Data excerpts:
-- -- --

(* Let $d>2$, $\beta>0$, $\lambda>0$, $\mu\in\mathbb R$, and let $r_\kappa$ be as defined in the context. Then: (a) $r_\kappa$ converges as $\kappa\to\infty$ to some $r_*\in(0,1)$ if and only if $\beta^d\mu<\zeta(d)\lambda$; in that case $r_*$ is the unique solution of $$\frac{\mu}{\lambda}=\frac{\log r_*}{\beta\lambda}+\frac{1}{\beta^d}\int_{[0,\infty)^d}\frac{r_*\,dp}{e^{|p|_1}-r_*}.$$ (b) $\kappa^d(1-r_\kappa)\to\beta^d\lambda/(\beta^d\mu-\zeta(d)\lambda)$ (and hence $r_\kappa\to1$) if and only if $\beta^d\mu>\zeta(d)\lambda$. (c) $r_\kappa\to1$ and $\kappa^d(1-r_\kappa)\to+\infty$ if and only if $\beta^d\mu=\zeta(d)\lambda$.
   Context: $h_\kappa=\frac12\sum_{j=1}^d\big(-\partial^2/\partial x_j^2+x_j^2/\kappa^2-1/\kappa\big)$ on $L^2(\mathbb R^d)$ (spectrum $\{|s|_1/\kappa: s\in\mathbb Z_+^d\}$, $|s|_1=\sum_js_j$), $G_\kappa(\beta)=e^{-\beta h_\kappa}$. For $\kappa\ge1$, $(r_\kappa,s_\kappa)$ is the unique solution with $r_\kappa\in(0,1)$ of the system $r=\exp(\beta\mu-\beta\lambda s/\kappa^d)$, $s=\mathrm{Tr}[rG_\kappa(\beta)(1-rG_\kappa(\beta))^{-1}]$; equivalently $\kappa^{-d}\mathrm{Tr}[r_\kappa G_\kappa(\beta)(1-r_\kappa G_\kappa(\beta))^{-1}]=(\beta\mu-\log r_\kappa)/(\beta\lambda)$. $\zeta$ is the Riemann zeta function; $|p|_1=\sum_jp_j$. *)

theory Defs
  imports "HOL-Analysis.Analysis"
begin

definition zeta_nat :: "nat \<Rightarrow> real" where
  "zeta_nat d = (\<Sum>n. 1 / real (Suc n) ^ d)"

text \<open>Multi-indices s in Z_+^d, represented as extensional functions on {..<d}.\<close>
definition multi_idx :: "nat \<Rightarrow> (nat \<Rightarrow> nat) set" where
  "multi_idx d = PiE {..<d} (\<lambda>_. UNIV)"

text \<open>Tr[r G_kappa(beta) (1 - r G_kappa(beta))^{-1}], written out as the sum over the
  spectrum of h_kappa: eigenvalue |s|_1/kappa of h_kappa gives eigenvalue
  exp(-beta |s|_1/kappa) of G_kappa(beta).\<close>
definition trace_rG :: "nat \<Rightarrow> real \<Rightarrow> real \<Rightarrow> real \<Rightarrow> real" where
  "trace_rG d \<kappa> \<beta> r =
     infsum (\<lambda>s. r * exp (- \<beta> * real (\<Sum>j<d. s j) / \<kappa>)
                   / (1 - r * exp (- \<beta> * real (\<Sum>j<d. s j) / \<kappa>))) (multi_idx d)"

definition r_kappa :: "nat \<Rightarrow> real \<Rightarrow> real \<Rightarrow> real \<Rightarrow> real \<Rightarrow> real" where
  "r_kappa d \<beta> \<mu> lam \<kappa> =
     (THE r. 0 < r \<and> r < 1 \<and>
        trace_rG d \<kappa> \<beta> r / \<kappa> ^ d = (\<beta> * \<mu> - ln r) / (\<beta> * lam))"

definition limit_integral :: "nat \<Rightarrow> real \<Rightarrow> real" where
  "limit_integral d r =
     (LINT p : {p \<in> space (PiM {..<d} (\<lambda>_. lborel)). \<forall>j<d. 0 \<le> p j}
        | PiM {..<d} (\<lambda>_. lborel). r / (exp (\<Sum>j<d. p j) - r))"

end

theory Submission
  imports Defs "HOL-Real_Asymp.Real_Asymp"
begin

(* Write t = beta/kappa and q = exp(-t).  Expanding the Bose factor in geometric
   series and summing the product of geometric series over Z_+^d gives
     kappa^-d Tr[r G (1 - r G)^-1] = sum_{n>=1} r^n / (kappa (1 - q^n))^d,
   and writing (x/(1 - e^-x))^d = x^d + (bounded excess) splits this as
     E(t, r)/beta^d + r/((1 - r) kappa^d),
   where the excess series E(t, r) is dominated termwise by C/n^d and hence tends
   to the polylogarithm Li_d(r) as t -> 0 (Tannery's theorem). *)

definition bose_factor :: "real \<Rightarrow> real" where
  "bose_factor x = x / (1 - exp (-x))"

definition bose_excess :: "nat \<Rightarrow> real \<Rightarrow> real" where
  "bose_excess d x = bose_factor x ^ d - x ^ d"

lemma power_diff_le_mean_value:
  fixes a b :: real
  assumes "0 \<le> b" "b \<le> a"
  shows "a ^ n - b ^ n \<le> real n * a ^ (n - 1) * (a - b)"
proof (induction n)
  case 0
  then show ?case by simp
next
  case (Suc n)
  have "a ^ Suc n - b ^ Suc n = a * (a ^ n - b ^ n) + b ^ n * (a - b)"
    by (simp add: algebra_simps)
  also have "\<dots> \<le> a * (real n * a ^ (n - 1) * (a - b)) + a ^ n * (a - b)"
    using Suc assms by (intro add_mono mult_left_mono mult_right_mono power_mono) auto
  also have "\<dots> = real (Suc n) * a ^ n * (a - b)"
    by (cases n) (simp_all add: algebra_simps)
  finally show ?case by simp
qed

lemma bose_factor_bounds:
  assumes "x > 0"
  shows "x \<le> bose_factor x" "bose_factor x - x \<le> (1 + x) * exp (-x)" "bose_factor x \<le> 1 + x"
proof -
  have pos: "0 < 1 - exp (-x)" using assms by simp
  have small: "(1 + x) * exp (-x) \<le> 1"
  proof -
    have "(1 + x) * exp (-x) \<le> exp x * exp (-x)"
      by (intro mult_right_mono exp_ge_add_one_self) simp
    then show ?thesis by (simp flip: exp_add)
  qed
  have "x * (1 - exp (-x)) \<le> x" using assms by (simp add: mult_left_le)
  then show "x \<le> bose_factor x" unfolding bose_factor_def using pos by (simp add: le_divide_eq)
  have "(1 + x) * exp (-x) * exp (-x) \<le> exp (-x)"
    using small assms by (intro mult_left_le_one_le) auto
  moreover have "(x + (1 + x) * exp (-x)) * (1 - exp (-x))
      = x + exp (-x) - (1 + x) * exp (-x) * exp (-x)"
    by (simp add: algebra_simps)
  ultimately have "x \<le> (x + (1 + x) * exp (-x)) * (1 - exp (-x))" by linarith
  then have "bose_factor x \<le> x + (1 + x) * exp (-x)"
    unfolding bose_factor_def using pos by (simp add: divide_le_eq)
  then show "bose_factor x - x \<le> (1 + x) * exp (-x)" "bose_factor x \<le> 1 + x"
    using small by linarith+
qed

lemma bose_excess_nonneg: "x > 0 \<Longrightarrow> 0 \<le> bose_excess d x"
  unfolding bose_excess_def using bose_factor_bounds(1)[of x] by (simp add: power_mono)

text \<open>The uniform bound bose_excess d x \<le> d^{d+1}, from the mean value bound and
  (1 + x)^d \<le> d^d e^x.\<close>
lemma bose_excess_le:
  assumes "x > 0" "d > 0"
  shows "bose_excess d x \<le> real d * real d ^ d"
proof -
  note bounds = bose_factor_bounds[OF assms(1)]
  have "bose_excess d x \<le> real d * bose_factor x ^ (d - 1) * (bose_factor x - x)"
    unfolding bose_excess_def by (rule power_diff_le_mean_value) (use assms bounds in auto)
  also have "\<dots> \<le> real d * (1 + x) ^ (d - 1) * ((1 + x) * exp (-x))"
    using assms bounds by (intro mult_mono mult_left_mono power_mono) auto
  also have "\<dots> = real d * ((1 + x) ^ d * exp (-x))"
    using assms by (cases d) auto
  also have "\<dots> \<le> real d * real d ^ d"
  proof -
    have "((1 + x) / real d) ^ d \<le> (1 + x / real d) ^ d"
      using assms by (intro power_mono) (auto simp: divide_simps)
    also have "\<dots> \<le> exp x"
      by (rule exp_ge_one_plus_x_over_n_power_n) (use assms in auto)
    finally have "(1 + x) ^ d \<le> real d ^ d * exp x"
      using assms by (simp add: power_divide divide_le_eq mult.commute)
    then have "(1 + x) ^ d * exp (-x) \<le> real d ^ d"
      by (simp add: exp_minus field_simps)
    then show ?thesis by (intro mult_left_mono) auto
  qed
  finally show ?thesis .
qed

lemma bose_excess_tendsto: "d > 0 \<Longrightarrow> (bose_excess d \<longlongrightarrow> 1) (at_right 0)"
proof -
  assume "d > 0"
  have "(bose_factor \<longlongrightarrow> 1) (at_right 0)"
    unfolding bose_factor_def by real_asymp
  then have "((\<lambda>x. bose_factor x ^ d - x ^ d) \<longlongrightarrow> 1 ^ d - 0 ^ d) (at_right 0)"
    by (intro tendsto_intros tendsto_ident_at)
  then show ?thesis using \<open>d > 0\<close> unfolding bose_excess_def[abs_def] by (simp add: power_0_left)
qed

lemma tendsto_suminf_dominated:
  fixes a :: "nat \<Rightarrow> 'x \<Rightarrow> real"
  assumes lim: "\<And>n. ((\<lambda>x. a n x) \<longlongrightarrow> b n) F"
    and bound: "eventually (\<lambda>x. \<forall>n. \<bar>a n x\<bar> \<le> M n) F" and M: "summable M"
  shows "((\<lambda>x. \<Sum>n. a n x) \<longlongrightarrow> (\<Sum>n. b n)) F"
proof (cases "F = bot")
  case False
  have "eventually (\<lambda>(k::nat, x). \<forall>n. \<bar>a n x\<bar> \<le> M n) (at_top \<times>\<^sub>F F)"
    using bound by (subst eventually_prod2) (auto simp: sequentially_bot)
  then have "eventually (\<lambda>(k::nat, x). norm (a k x) \<le> M k) (at_top \<times>\<^sub>F F)"
    by (rule eventually_mono) auto
  with tannerys_theorem[of a b F M] lim M False show ?thesis by blast
qed simp

lemma summable_power_series_dominated:
  fixes c :: "nat \<Rightarrow> real"
  assumes "summable (\<lambda>n. \<bar>c n\<bar>)" "\<bar>r\<bar> \<le> 1"
  shows "summable (\<lambda>n. r ^ Suc n * c n)"
proof (rule summable_comparison_test[OF _ assms(1)])
  have "\<bar>r\<bar> ^ Suc n \<le> 1" for n using assms(2) by (intro power_le_one) auto
  then show "\<exists>N. \<forall>n\<ge>N. norm (r ^ Suc n * c n) \<le> \<bar>c n\<bar>"
    by (auto simp: abs_mult power_abs intro!: mult_left_le_one_le)
qed

lemma tendsto_power_series_dominated:
  fixes c :: "nat \<Rightarrow> real"
  assumes c: "summable (\<lambda>n. \<bar>c n\<bar>)" and r: "(rf \<longlongrightarrow> \<rho>) F"
    and r01: "eventually (\<lambda>x. 0 \<le> rf x \<and> rf x \<le> 1) F"
  shows "((\<lambda>x. \<Sum>n. rf x ^ Suc n * c n) \<longlongrightarrow> (\<Sum>n. \<rho> ^ Suc n * c n)) F"
proof (rule tendsto_suminf_dominated[OF _ _ c])
  show "((\<lambda>x. rf x ^ Suc n * c n) \<longlongrightarrow> \<rho> ^ Suc n * c n) F" for n
    by (intro tendsto_intros r)
  have "\<bar>y ^ Suc n * c n\<bar> \<le> \<bar>c n\<bar>" if "0 \<le> y" "y \<le> 1" for y n
  proof -
    have "\<bar>y ^ Suc n * c n\<bar> = y ^ Suc n * \<bar>c n\<bar>" using that by (simp add: abs_mult)
    also have "\<dots> \<le> \<bar>c n\<bar>"
      by (rule mult_left_le_one_le) (use that in \<open>auto intro: power_le_one simp del: power_Suc\<close>)
    finally show ?thesis .
  qed
  then show "eventually (\<lambda>x. \<forall>n. \<bar>rf x ^ Suc n * c n\<bar> \<le> \<bar>c n\<bar>) F"
    using r01 by (auto elim: eventually_mono)
qed

lemma continuous_on_power_series_dominated:
  fixes c :: "nat \<Rightarrow> real"
  assumes "summable (\<lambda>n. \<bar>c n\<bar>)"
  shows "continuous_on {0..1} (\<lambda>r. \<Sum>n. r ^ Suc n * c n)"
  unfolding continuous_on_def
proof safe
  fix x :: real
  have "eventually (\<lambda>r. r \<in> {0..1::real}) (at x within {0..1})"
    by (simp add: eventually_at_filter)
  then show "((\<lambda>r. \<Sum>n. r ^ Suc n * c n) \<longlongrightarrow> (\<Sum>n. x ^ Suc n * c n)) (at x within {0..1})"
    by (intro tendsto_power_series_dominated[OF assms tendsto_ident_at])
       (auto elim: eventually_mono)
qed

lemma power_series_mono:
  fixes c :: "nat \<Rightarrow> real"
  assumes "summable (\<lambda>n. \<bar>c n\<bar>)" "\<And>n. 0 \<le> c n" "0 \<le> r1" "r1 \<le> r2" "r2 \<le> 1"
  shows "(\<Sum>n. r1 ^ Suc n * c n) \<le> (\<Sum>n. r2 ^ Suc n * c n)"
  using assms by (intro suminf_le summable_power_series_dominated allI mult_right_mono power_mono) auto

definition polylog :: "nat \<Rightarrow> real \<Rightarrow> real" where
  "polylog d r = (\<Sum>n. r ^ Suc n / real (Suc n) ^ d)"

lemma summable_inverse_Suc_power: "d \<ge> 2 \<Longrightarrow> summable (\<lambda>n. C / real (Suc n) ^ d)"
  using summable_mult[OF inverse_power_summable[of d, THEN summable_Suc_iff[THEN iffD2]], of C]
  by (simp add: field_simps)

lemma polylog_series: "polylog d r = (\<Sum>n. r ^ Suc n * (1 / real (Suc n) ^ d))"
  unfolding polylog_def by simp

lemma summable_polylog: "d \<ge> 2 \<Longrightarrow> \<bar>r\<bar> \<le> 1 \<Longrightarrow> summable (\<lambda>n. r ^ Suc n / real (Suc n) ^ d)"
  using summable_power_series_dominated[of "\<lambda>n. 1 / real (Suc n) ^ d" r]
    summable_inverse_Suc_power[of d 1] by simp

lemma polylog_one: "polylog d 1 = zeta_nat d"
  unfolding polylog_def zeta_nat_def by simp

lemma polylog_tendsto:
  assumes "d \<ge> 2" "(rf \<longlongrightarrow> \<rho>) F" "eventually (\<lambda>x. 0 \<le> rf x \<and> rf x \<le> 1) F"
  shows "((\<lambda>x. polylog d (rf x)) \<longlongrightarrow> polylog d \<rho>) F"
  unfolding polylog_series
  by (rule tendsto_power_series_dominated) (use assms summable_inverse_Suc_power in auto)

lemma polylog_continuous: "d \<ge> 2 \<Longrightarrow> continuous_on {0..1} (polylog d)"
  unfolding polylog_series[abs_def]
  by (rule continuous_on_power_series_dominated) (use summable_inverse_Suc_power in auto)

lemma polylog_mono: "d \<ge> 2 \<Longrightarrow> 0 \<le> r1 \<Longrightarrow> r1 \<le> r2 \<Longrightarrow> r2 \<le> 1 \<Longrightarrow> polylog d r1 \<le> polylog d r2"
  unfolding polylog_series
  by (rule power_series_mono) (use summable_inverse_Suc_power in auto)

lemma polylog_nonneg: "d \<ge> 2 \<Longrightarrow> 0 \<le> r \<Longrightarrow> r \<le> 1 \<Longrightarrow> 0 \<le> polylog d r"
  using polylog_mono[of d 0 r] by (simp add: polylog_def)

lemma polylog_le_zeta: "d \<ge> 2 \<Longrightarrow> 0 \<le> r \<Longrightarrow> r \<le> 1 \<Longrightarrow> polylog d r \<le> zeta_nat d"
  using polylog_mono[of d r 1] by (simp add: polylog_one)

text \<open>The excess series E(t, r) = \<Sum>_{n\<ge>1} r^n bose_excess d (n t) / n^d, the
  regular part of the rescaled trace at spacing t = beta/kappa.\<close>
definition excess_coeff :: "nat \<Rightarrow> real \<Rightarrow> nat \<Rightarrow> real" where
  "excess_coeff d t n = bose_excess d (real (Suc n) * t) / real (Suc n) ^ d"

definition excess_series :: "nat \<Rightarrow> real \<Rightarrow> real \<Rightarrow> real" where
  "excess_series d t r = (\<Sum>n. r ^ Suc n * excess_coeff d t n)"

-- -- --

From the records above, quote only the lines running from the line with "n) \<longlongrightarrow> \<rho>" to the line with "(\<lambda>r. r \<in>", both lines included.

  show "((\<lambda>x. rf x ^ Suc n * c n) \<longlongrightarrow> \<rho> ^ Suc n * c n) F" for n
    by (intro tendsto_intros r)
  have "\<bar>y ^ Suc n * c n\<bar> \<le> \<bar>c n\<bar>" if "0 \<le> y" "y \<le> 1" for y n
  proof -
    have "\<bar>y ^ Suc n * c n\<bar> = y ^ Suc n * \<bar>c n\<bar>" using that by (simp add: abs_mult)
    also have "\<dots> \<le> \<bar>c n\<bar>"
      by (rule mult_left_le_one_le) (use that in \<open>auto intro: power_le_one simp del: power_Suc\<close>)
    finally show ?thesis .
  qed
  then show "eventually (\<lambda>x. \<forall>n. \<bar>rf x ^ Suc n * c n\<bar> \<le> \<bar>c n\<bar>) F"
    using r01 by (auto elim: eventually_mono)
qed

lemma continuous_on_power_series_dominated:
  fixes c :: "nat \<Rightarrow> real"
  assumes "summable (\<lambda>n. \<bar>c n\<bar>)"
  shows "continuous_on {0..1} (\<lambda>r. \<Sum>n. r ^ Suc n * c n)"
  unfolding continuous_on_def
proof safe
  fix x :: real
  have "eventually (\<lambda>r. r \<in> {0..1::real}) (at x within {0..1})"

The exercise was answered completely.